Бережной не ответил, надел валенки, натянул полушубок, забрал свою кису с припасами.
— Прощевайте-ко…
Лесорубы зашумели, стали уговаривать Егора не уезжать. Васька Белый, уронив медную пуговицу на землю, ползал у самого порога, шаря руками во всех ямках. Егор осторожно поднял его, посадил на нары, шагнул за порог. Ветер сыпнул в открытые двери охапку снега. Пурга неистовствовала, навивая вокруг избушки высоченные сугробы. Егор запахнул азям[8], наглухо затянув его кушаком, запряг Рыжка и поехал по просеке. Тут вьюга не доставала, снег мягкими хлопьями падал на дровни, на лошадиную спину, на широкие Егоровы плечи. Отъехав уж порядочно, Бережной оглянулся, придержал Рыжка.
— Ишь ты, на чужой шее. Он на меня робит…
Егор резко дернул вожжами. Рыжко кинулся вскачь, потом перешел на рысь.
Рыжко остановился у занесенной снегом избушки. Вздремнувший было Егор поднял голову, расправил плечи. Пласты пухлого снега посыпались с азяма. Что это за хибара? Вроде раньше тут никаких строений не было. Верно, недавно поставлена, от лесопункта. Все равно надо зайти погреться, а если можно, то и заночевать: пурга не утихает, а до Сузёма еще далековато. За избушкой Егор заметил шалашик из еловых ветвей. Это для лошади. Останавливаются, стало быть, люди. Поставив Рыжка в шалаш, Егор прикрыл его азямом, отряхнул от снега, обмел прутом валенки. Дверное кольцо легко подалось, звякнула щеколда. В темноте сеней Егор нащупал скобу, дернул дверь. Вместе с облаком пара вкатился в избушку.
— Кто тут живая душа? Можно к вам?
Керосиновая лампа с жестяным отражателем неярко освещала избу. Егору бросилась в глаза чистота. Пол, струганые лавки, тесовый стол — все блестело свежей желтизной. А ведь тут немало проезжающих. Видать, обиходная хозяйка живет.

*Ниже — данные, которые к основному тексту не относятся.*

(* Under the setting of the context, for every $T\ge0$, $$\sup_{0\le t\le T}\Bigl|\langle\bar M^{(m)}\rangle_t-m^{-2}\sum_{k=0}^{\lfloor m^2t\rfloor-1}\bar a(S_k/m)\Bigr|\longrightarrow0$$ in probability as $m\to+\infty$.
   Context: Let $d\ge1$, $(e_1,\dots,e_d)$ the canonical basis, $\mathcal V=\{\pm e_1,\dots,\pm e_d\}$. Let $E$ be a finite set and $P$ an irreducible and aperiodic stochastic matrix on $E$ with unique invariant probability $\mu$. For $k\in E$, $y\in\mathbb R^d$, $p(k,y,\cdot)$ is a probability on $\mathcal V$, with $y\mapsto p(k,y,u)$ twice continuously differentiable with bounded derivatives. Let $g(k,y)=\sum_uu\,p(k,y,u)$, assumed to satisfy $\sum_k\mu(k)g(k,y)=0$ for all $y$; $\alpha(i,y)=\sum_uuu^tp(i,y,u)$; $v(i,y)=\sum_{n\ge0}\sum_jP^n(i,j)g(j,y)$; $\bar a(y)=\sum_i\mu(i)[\alpha+gv^t+vg^t-2gg^t](i,y)$. For an integer $m\ge1$: $S_0=0$, $S_{n+1}=S_n+J_{n+1}$, $J_n\in\mathcal V$, and with $\mathcal F_n=\sigma(\xi_0,\dots,\xi_n,J_0,\dots,J_n)$, $\mathbb P(\xi_{n+1}=k,J_{n+1}=u\mid\mathcal F_n)=P(\xi_n,k)p(\xi_n,S_n/m,u)$. For $n\ge1$, $Y_n=J_n+v(\xi_n,S_n/m)-\mathbb E[J_n+v(\xi_n,S_n/m)\mid\mathcal F_{n-1}]$; $\bar M^{(m)}_t=m^{-1}\sum_{k=1}^{\lfloor m^2t\rfloor}Y_k$, a martingale with respect to $(\mathcal F_{\lfloor m^2t\rfloor})_t$, and $\langle\bar M^{(m)}\rangle$ its predictable bracket. *)

theory Defs
  imports "HOL-Probability.Probability"
begin

fun matpow :: "('e::finite \<Rightarrow> 'e \<Rightarrow> real) \<Rightarrow> nat \<Rightarrow> 'e \<Rightarrow> 'e \<Rightarrow> real" where
  "matpow P 0 i j = (if i = j then 1 else 0)"
| "matpow P (Suc n) i j = (\<Sum>k\<in>UNIV. matpow P n i k * P k j)"

definition stochastic :: "('e::finite \<Rightarrow> 'e \<Rightarrow> real) \<Rightarrow> bool" where
  "stochastic P \<longleftrightarrow> (\<forall>i j. 0 \<le> P i j) \<and> (\<forall>i. (\<Sum>j\<in>UNIV. P i j) = 1)"

definition irreducible_mat :: "('e::finite \<Rightarrow> 'e \<Rightarrow> real) \<Rightarrow> bool" where
  "irreducible_mat P \<longleftrightarrow> (\<forall>i j. \<exists>n. 0 < matpow P n i j)"

definition aperiodic_mat :: "('e::finite \<Rightarrow> 'e \<Rightarrow> real) \<Rightarrow> bool" where
  "aperiodic_mat P \<longleftrightarrow> (\<forall>i. Gcd {n::nat. 0 < n \<and> 0 < matpow P n i i} = 1)"

definition invariant_prob :: "('e::finite \<Rightarrow> 'e \<Rightarrow> real) \<Rightarrow> ('e \<Rightarrow> real) \<Rightarrow> bool" where
  "invariant_prob P \<mu> \<longleftrightarrow> (\<forall>i. 0 \<le> \<mu> i) \<and> (\<Sum>i\<in>UNIV. \<mu> i) = 1
      \<and> (\<forall>j. (\<Sum>i\<in>UNIV. \<mu> i * P i j) = \<mu> j)"

definition Vsteps :: "(real^'d) set" where
  "Vsteps = {u. \<exists>a. u = axis a 1 \<or> u = - axis a 1}"

definition outer :: "real^'d \<Rightarrow> real^'d \<Rightarrow> real^'d^'d" where
  "outer x y = (\<chi> a b. x $ a * y $ b)"

definition C2_bdd_deriv :: "(real^'d \<Rightarrow> real) \<Rightarrow> bool" where
  "C2_bdd_deriv f \<longleftrightarrow> (\<exists>Df D2f.
      (\<forall>y. (f has_derivative blinfun_apply (Df y)) (at y)) \<and>
      (\<forall>y. (Df has_derivative blinfun_apply (D2f y)) (at y)) \<and>
      continuous_on UNIV D2f \<and> bounded (range Df) \<and> bounded (range D2f))"

definition gdrift :: "('e \<Rightarrow> real^'d \<Rightarrow> real^'d \<Rightarrow> real) \<Rightarrow> 'e \<Rightarrow> real^'d \<Rightarrow> real^'d" where
  "gdrift p k y = (\<Sum>u\<in>Vsteps. p k y u *\<^sub>R u)"

definition alpha :: "('e \<Rightarrow> real^'d \<Rightarrow> real^'d \<Rightarrow> real) \<Rightarrow> 'e \<Rightarrow> real^'d \<Rightarrow> real^'d^'d" where
  "alpha p i y = (\<Sum>u\<in>Vsteps. p i y u *\<^sub>R outer u u)"

definition vcorr :: "('e::finite \<Rightarrow> 'e \<Rightarrow> real) \<Rightarrow> ('e \<Rightarrow> real^'d \<Rightarrow> real^'d \<Rightarrow> real)
    \<Rightarrow> 'e \<Rightarrow> real^'d \<Rightarrow> real^'d" where
  "vcorr P p i y = (\<Sum>n. \<Sum>j\<in>UNIV. matpow P n i j *\<^sub>R gdrift p j y)"

definition abar :: "('e::finite \<Rightarrow> 'e \<Rightarrow> real) \<Rightarrow> ('e \<Rightarrow> real) \<Rightarrow> ('e \<Rightarrow> real^'d \<Rightarrow> real^'d \<Rightarrow> real)
    \<Rightarrow> real^'d \<Rightarrow> real^'d^'d" where
  "abar P \<mu> p y = (\<Sum>i\<in>UNIV. \<mu> i *\<^sub>R
      (alpha p i y + outer (gdrift p i y) (vcorr P p i y) + outer (vcorr P p i y) (gdrift p i y)
       - 2 *\<^sub>R outer (gdrift p i y) (gdrift p i y)))"

definition Spos :: "(nat \<Rightarrow> 'w \<Rightarrow> real^'d) \<Rightarrow> nat \<Rightarrow> 'w \<Rightarrow> real^'d" where
  "Spos J n \<omega> = (\<Sum>i\<in>{1..n}. J i \<omega>)"

definition filt :: "'w measure \<Rightarrow> (nat \<Rightarrow> 'w \<Rightarrow> 'e) \<Rightarrow> (nat \<Rightarrow> 'w \<Rightarrow> real^'d) \<Rightarrow> nat \<Rightarrow> 'w measure" where
  "filt M \<xi> J n = sigma (space M)
     ({\<xi> i -` A \<inter> space M | A i. i \<le> n} \<union> {J i -` B \<inter> space M | B i. i \<le> n \<and> B \<in> sets borel})"

definition vcond_exp :: "'w measure \<Rightarrow> 'w measure \<Rightarrow> ('w \<Rightarrow> real^'d) \<Rightarrow> 'w \<Rightarrow> real^'d" where
  "vcond_exp M F X \<omega> = (\<chi> a. real_cond_exp M F (\<lambda>w. X w $ a) \<omega>)"

definition Yinc :: "('e::finite \<Rightarrow> 'e \<Rightarrow> real) \<Rightarrow> ('e \<Rightarrow> real^'d \<Rightarrow> real^'d \<Rightarrow> real) \<Rightarrow> nat
    \<Rightarrow> 'w measure \<Rightarrow> (nat \<Rightarrow> 'w \<Rightarrow> 'e) \<Rightarrow> (nat \<Rightarrow> 'w \<Rightarrow> real^'d) \<Rightarrow> nat \<Rightarrow> 'w \<Rightarrow> real^'d" where
  "Yinc P p m M \<xi> J n \<omega> =
     (let X = (\<lambda>w. J n w + vcorr P p (\<xi> n w) ((1 / real m) *\<^sub>R Spos J n w))
      in X \<omega> - vcond_exp M (filt M \<xi> J (n - 1)) X \<omega>)"

text \<open>Predictable bracket of \<open>M_t = m^{-1} \<Sum>_{k=1}^{\<lfloor>m^2 t\<rfloor>} Y_k\<close>:
  \<open>m^{-2} \<Sum>_{k=1}^{\<lfloor>m^2 t\<rfloor>} E[Y_k Y_k^t | F_{k-1}]\<close>.\<close>
definition bracket :: "('e::finite \<Rightarrow> 'e \<Rightarrow> real) \<Rightarrow> ('e \<Rightarrow> real^'d \<Rightarrow> real^'d \<Rightarrow> real) \<Rightarrow> nat
    \<Rightarrow> 'w measure \<Rightarrow> (nat \<Rightarrow> 'w \<Rightarrow> 'e) \<Rightarrow> (nat \<Rightarrow> 'w \<Rightarrow> real^'d) \<Rightarrow> real \<Rightarrow> 'w \<Rightarrow> real^'d^'d" where
  "bracket P p m M \<xi> J t \<omega> = (1 / (real m)^2) *\<^sub>R
     (\<Sum>k\<in>{1..nat \<lfloor>(real m)^2 * t\<rfloor>}.
        (\<chi> a b. real_cond_exp M (filt M \<xi> J (k - 1))
                  (\<lambda>w. Yinc P p m M \<xi> J k w $ a * Yinc P p m M \<xi> J k w $ b) \<omega>))"

end

theory Submission
  imports Defs
begin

Занавеска перед печью колыхнулась, и из-за нее выглянуло женское лицо. Два возгласа раздались одновременно:
— Ой, Егор…
— Макора! Вот тебе раз…
Вытерев руку передником, Макора протянула ее гостю.
— Проходи, погрейся. Ишь, пурга какая! Не занесло в дороге-то? И чего тебя погнало в такую завируху…
Егор смотрит на Макору, будто впервые ее видит, то ли с изумлением, то ли с недоверием. Да полно, она ли это! А ведь, право слово, она. У кого еще такие глаза — и добрые и строгие, ласковые и насмешливые…
Пока Егор раздевался да пятерней приглаживал всклокоченные волосы, Макора поставила на стол чайник, подала творожных шанежек, слегка подрумяненных, пахучих.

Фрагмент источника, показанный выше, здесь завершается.